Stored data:
▬▬▬▬▬▬▬▬▬▬

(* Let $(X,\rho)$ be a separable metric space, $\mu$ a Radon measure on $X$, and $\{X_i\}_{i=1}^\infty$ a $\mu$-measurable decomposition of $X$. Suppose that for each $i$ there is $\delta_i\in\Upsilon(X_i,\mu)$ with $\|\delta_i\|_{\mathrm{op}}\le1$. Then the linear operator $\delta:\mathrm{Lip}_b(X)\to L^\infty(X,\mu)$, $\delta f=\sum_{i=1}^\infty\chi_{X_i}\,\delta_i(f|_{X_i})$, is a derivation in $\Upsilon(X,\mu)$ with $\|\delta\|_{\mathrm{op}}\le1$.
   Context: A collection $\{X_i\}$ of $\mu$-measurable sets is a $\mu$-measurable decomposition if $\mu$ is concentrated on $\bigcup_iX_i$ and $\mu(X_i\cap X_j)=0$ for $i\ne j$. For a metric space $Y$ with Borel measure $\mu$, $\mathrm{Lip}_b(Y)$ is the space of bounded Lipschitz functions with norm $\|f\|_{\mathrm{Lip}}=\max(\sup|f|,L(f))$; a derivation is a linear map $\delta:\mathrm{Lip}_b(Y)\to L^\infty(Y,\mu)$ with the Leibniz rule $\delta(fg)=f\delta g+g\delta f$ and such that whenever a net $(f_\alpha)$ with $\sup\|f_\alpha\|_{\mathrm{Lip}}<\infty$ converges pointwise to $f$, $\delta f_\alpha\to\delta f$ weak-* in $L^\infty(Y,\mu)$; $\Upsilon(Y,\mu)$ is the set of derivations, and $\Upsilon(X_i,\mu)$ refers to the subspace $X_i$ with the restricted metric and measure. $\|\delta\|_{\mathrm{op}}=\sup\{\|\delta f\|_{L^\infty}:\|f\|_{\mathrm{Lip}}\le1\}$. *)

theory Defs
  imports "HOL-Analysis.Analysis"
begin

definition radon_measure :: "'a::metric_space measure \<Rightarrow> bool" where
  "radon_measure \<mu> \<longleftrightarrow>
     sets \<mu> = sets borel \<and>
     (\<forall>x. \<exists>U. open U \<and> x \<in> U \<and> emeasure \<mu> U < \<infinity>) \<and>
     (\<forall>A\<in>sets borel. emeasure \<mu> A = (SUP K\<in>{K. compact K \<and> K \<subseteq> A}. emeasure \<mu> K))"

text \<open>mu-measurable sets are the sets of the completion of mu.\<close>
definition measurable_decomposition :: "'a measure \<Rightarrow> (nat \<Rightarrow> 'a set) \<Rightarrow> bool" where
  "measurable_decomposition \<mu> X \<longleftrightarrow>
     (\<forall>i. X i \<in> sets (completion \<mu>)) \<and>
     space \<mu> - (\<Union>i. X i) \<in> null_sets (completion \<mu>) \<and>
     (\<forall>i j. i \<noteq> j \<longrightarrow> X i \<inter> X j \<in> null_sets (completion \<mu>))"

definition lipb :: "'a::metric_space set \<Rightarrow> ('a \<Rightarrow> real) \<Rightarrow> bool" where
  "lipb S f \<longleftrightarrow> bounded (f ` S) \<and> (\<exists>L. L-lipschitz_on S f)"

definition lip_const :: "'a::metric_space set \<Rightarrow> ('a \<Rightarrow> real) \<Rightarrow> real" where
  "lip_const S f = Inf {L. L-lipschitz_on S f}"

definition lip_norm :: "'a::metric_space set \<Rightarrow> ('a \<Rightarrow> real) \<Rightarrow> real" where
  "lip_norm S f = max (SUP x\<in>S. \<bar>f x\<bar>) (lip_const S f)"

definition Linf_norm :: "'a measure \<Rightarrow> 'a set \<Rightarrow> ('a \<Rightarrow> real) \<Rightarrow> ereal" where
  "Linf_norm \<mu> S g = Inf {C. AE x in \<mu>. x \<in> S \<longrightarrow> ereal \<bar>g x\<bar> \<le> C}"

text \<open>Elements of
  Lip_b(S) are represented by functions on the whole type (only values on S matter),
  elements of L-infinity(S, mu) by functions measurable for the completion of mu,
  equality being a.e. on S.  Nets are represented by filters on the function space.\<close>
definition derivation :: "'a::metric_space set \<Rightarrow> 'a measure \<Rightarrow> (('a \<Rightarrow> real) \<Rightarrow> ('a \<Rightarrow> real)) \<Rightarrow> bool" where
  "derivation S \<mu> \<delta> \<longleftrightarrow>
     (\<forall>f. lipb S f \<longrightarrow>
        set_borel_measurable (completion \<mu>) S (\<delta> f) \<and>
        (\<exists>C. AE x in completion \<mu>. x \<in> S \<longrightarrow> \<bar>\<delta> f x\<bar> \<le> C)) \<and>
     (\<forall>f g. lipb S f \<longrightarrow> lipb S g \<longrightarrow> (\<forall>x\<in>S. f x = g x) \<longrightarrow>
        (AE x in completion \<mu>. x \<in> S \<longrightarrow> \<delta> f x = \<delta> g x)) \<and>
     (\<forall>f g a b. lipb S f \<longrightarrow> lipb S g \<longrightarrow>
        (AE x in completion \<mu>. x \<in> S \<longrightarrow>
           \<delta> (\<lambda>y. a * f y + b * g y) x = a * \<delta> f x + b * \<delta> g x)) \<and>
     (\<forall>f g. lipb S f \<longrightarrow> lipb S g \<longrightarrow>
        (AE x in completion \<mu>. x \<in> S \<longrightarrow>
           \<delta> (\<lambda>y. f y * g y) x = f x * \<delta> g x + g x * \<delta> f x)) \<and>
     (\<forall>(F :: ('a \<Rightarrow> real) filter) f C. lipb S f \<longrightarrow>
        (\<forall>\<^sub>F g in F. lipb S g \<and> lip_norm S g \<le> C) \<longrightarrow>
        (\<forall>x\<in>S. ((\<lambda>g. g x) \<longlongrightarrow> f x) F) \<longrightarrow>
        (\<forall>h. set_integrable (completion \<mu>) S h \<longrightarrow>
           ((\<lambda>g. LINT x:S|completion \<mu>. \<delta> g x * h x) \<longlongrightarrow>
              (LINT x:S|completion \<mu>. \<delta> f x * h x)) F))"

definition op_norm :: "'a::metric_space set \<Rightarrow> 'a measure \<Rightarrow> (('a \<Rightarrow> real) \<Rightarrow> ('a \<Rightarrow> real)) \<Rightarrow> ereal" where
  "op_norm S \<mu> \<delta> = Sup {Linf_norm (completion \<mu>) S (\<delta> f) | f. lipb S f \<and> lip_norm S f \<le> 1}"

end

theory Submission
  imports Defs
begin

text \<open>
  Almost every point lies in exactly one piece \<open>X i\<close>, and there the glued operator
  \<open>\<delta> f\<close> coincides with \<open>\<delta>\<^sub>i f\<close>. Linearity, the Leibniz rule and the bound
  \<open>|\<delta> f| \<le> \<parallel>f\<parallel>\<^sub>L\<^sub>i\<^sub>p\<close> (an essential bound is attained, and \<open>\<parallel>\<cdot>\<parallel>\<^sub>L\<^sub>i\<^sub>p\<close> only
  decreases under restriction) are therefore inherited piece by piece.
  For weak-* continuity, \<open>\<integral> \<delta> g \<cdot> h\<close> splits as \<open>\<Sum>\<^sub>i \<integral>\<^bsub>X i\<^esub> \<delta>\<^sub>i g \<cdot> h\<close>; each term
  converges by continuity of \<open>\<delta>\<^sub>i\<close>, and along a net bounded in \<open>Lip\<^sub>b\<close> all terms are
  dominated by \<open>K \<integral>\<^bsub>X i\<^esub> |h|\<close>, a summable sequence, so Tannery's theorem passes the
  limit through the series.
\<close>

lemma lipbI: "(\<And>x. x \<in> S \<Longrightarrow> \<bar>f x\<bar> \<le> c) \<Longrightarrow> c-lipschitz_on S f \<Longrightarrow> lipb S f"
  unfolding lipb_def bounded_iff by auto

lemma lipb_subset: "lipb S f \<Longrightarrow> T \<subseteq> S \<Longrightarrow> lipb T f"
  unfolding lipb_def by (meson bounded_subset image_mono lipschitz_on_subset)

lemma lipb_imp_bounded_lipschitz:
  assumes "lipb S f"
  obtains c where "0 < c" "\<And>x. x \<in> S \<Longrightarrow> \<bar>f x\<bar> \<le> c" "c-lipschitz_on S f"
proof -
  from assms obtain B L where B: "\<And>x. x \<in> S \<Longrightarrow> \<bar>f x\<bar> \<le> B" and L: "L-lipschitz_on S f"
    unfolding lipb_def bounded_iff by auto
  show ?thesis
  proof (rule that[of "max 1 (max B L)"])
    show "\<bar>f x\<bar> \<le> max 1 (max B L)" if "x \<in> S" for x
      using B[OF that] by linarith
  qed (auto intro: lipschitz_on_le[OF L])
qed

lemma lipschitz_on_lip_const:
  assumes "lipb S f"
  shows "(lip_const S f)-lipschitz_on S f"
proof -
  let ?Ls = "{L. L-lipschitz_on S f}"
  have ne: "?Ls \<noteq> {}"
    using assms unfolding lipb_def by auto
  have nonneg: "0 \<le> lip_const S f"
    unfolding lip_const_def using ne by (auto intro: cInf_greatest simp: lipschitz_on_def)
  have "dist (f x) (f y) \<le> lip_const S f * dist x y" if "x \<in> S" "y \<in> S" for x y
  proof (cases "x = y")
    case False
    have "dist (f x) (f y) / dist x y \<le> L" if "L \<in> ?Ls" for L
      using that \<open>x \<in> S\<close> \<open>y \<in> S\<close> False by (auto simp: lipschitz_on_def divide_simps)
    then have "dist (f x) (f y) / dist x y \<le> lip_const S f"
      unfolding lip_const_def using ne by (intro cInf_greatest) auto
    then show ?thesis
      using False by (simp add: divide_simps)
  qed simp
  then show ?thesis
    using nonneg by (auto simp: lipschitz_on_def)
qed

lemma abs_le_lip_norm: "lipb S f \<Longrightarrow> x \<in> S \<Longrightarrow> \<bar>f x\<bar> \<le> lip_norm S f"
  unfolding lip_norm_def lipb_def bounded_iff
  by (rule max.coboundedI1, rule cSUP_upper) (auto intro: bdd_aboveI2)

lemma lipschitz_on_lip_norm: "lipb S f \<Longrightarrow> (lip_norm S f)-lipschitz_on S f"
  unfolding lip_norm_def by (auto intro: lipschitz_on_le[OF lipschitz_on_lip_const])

▬▬▬▬▬▬▬▬▬▬

■ Task goal
Return, unchanged, the run of lines above that opens with the line containing "using False by (simp add: divide_simps)" and closes with the line containing "f \<Longrightarrow> (lip_norm". Include both.

■ Final answer
      using False by (simp add: divide_simps)
  qed simp
  then show ?thesis
    using nonneg by (auto simp: lipschitz_on_def)
qed

lemma abs_le_lip_norm: "lipb S f \<Longrightarrow> x \<in> S \<Longrightarrow> \<bar>f x\<bar> \<le> lip_norm S f"
  unfolding lip_norm_def lipb_def bounded_iff
  by (rule max.coboundedI1, rule cSUP_upper) (auto intro: bdd_aboveI2)

lemma lipschitz_on_lip_norm: "lipb S f \<Longrightarrow> (lip_norm S f)-lipschitz_on S f"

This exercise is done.